§ **Work to be completed**: Within the records, determine how many lines contain the word "blast". Your reply must consist of that number only.

Content starts

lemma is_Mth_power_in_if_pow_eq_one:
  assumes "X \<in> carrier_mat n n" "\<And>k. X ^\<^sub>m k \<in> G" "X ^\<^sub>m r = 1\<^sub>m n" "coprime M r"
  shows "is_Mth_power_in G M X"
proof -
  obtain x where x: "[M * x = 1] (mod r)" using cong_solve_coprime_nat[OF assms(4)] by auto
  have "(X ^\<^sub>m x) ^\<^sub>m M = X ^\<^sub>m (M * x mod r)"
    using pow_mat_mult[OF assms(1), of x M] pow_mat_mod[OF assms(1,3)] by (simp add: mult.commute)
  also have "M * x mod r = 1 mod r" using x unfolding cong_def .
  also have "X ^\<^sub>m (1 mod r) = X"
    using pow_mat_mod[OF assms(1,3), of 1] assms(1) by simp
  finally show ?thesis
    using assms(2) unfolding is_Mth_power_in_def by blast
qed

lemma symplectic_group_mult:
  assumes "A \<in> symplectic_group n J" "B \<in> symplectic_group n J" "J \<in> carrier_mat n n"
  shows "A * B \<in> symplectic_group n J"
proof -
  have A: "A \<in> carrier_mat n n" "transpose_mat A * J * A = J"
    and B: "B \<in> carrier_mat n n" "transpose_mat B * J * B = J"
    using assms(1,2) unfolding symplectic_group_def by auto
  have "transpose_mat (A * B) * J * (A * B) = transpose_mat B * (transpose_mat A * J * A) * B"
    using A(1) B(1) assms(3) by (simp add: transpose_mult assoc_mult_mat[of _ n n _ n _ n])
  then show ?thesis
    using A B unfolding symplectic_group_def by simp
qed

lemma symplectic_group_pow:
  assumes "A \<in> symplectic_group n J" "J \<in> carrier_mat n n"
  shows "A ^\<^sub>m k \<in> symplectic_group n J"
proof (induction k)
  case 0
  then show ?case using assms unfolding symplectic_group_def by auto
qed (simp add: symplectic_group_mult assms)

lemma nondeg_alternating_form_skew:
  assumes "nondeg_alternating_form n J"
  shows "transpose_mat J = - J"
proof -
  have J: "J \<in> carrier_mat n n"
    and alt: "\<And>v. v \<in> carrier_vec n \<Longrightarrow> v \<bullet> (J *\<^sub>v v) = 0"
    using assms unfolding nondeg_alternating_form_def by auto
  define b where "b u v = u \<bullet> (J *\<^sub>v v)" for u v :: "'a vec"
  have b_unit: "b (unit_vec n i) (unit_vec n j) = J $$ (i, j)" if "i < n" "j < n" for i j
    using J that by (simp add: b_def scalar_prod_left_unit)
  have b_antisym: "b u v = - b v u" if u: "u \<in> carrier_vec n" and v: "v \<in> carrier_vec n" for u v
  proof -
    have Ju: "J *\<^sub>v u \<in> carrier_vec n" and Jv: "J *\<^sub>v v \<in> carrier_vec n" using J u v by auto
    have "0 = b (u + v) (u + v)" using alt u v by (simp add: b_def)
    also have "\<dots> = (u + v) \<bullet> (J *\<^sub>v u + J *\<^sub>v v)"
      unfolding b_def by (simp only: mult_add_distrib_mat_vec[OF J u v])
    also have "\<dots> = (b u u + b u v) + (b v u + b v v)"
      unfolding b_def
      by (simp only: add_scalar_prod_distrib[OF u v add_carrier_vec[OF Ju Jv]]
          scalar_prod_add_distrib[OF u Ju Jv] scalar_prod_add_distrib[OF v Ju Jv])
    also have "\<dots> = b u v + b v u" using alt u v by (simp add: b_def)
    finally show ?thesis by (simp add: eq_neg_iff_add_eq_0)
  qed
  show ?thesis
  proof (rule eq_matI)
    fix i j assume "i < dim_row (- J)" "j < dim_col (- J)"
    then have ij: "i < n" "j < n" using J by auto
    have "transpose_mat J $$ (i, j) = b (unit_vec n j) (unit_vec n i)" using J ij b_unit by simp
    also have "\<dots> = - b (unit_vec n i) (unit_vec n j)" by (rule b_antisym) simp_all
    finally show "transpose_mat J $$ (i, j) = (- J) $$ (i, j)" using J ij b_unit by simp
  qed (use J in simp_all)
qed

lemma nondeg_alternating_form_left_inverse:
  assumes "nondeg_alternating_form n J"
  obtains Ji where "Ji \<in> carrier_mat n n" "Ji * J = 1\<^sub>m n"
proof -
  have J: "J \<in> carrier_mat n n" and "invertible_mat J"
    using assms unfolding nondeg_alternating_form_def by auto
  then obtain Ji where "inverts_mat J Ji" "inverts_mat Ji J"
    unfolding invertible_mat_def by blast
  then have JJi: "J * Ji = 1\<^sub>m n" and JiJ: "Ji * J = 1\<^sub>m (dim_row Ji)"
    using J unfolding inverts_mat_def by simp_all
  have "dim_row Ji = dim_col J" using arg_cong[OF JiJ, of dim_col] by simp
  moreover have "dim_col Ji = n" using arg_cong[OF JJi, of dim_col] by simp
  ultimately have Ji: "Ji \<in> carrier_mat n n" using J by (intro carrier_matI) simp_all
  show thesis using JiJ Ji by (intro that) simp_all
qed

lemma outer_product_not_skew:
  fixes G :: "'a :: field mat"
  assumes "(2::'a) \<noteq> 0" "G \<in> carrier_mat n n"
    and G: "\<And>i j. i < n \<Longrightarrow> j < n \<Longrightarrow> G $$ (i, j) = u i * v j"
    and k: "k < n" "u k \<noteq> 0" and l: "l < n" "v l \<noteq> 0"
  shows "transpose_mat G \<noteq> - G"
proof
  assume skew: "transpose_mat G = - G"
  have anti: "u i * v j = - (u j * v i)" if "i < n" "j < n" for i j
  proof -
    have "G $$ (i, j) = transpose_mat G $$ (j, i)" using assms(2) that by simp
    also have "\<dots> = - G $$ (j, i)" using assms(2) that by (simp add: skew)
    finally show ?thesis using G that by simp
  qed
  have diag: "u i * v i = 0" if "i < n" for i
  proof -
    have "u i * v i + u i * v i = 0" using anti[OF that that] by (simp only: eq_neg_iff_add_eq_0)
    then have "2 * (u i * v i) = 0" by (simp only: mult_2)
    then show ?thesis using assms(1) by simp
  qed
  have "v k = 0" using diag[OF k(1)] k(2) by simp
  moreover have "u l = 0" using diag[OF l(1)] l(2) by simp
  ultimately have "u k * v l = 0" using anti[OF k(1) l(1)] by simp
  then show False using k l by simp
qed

Content ends

§ **Answer to this problem**: 2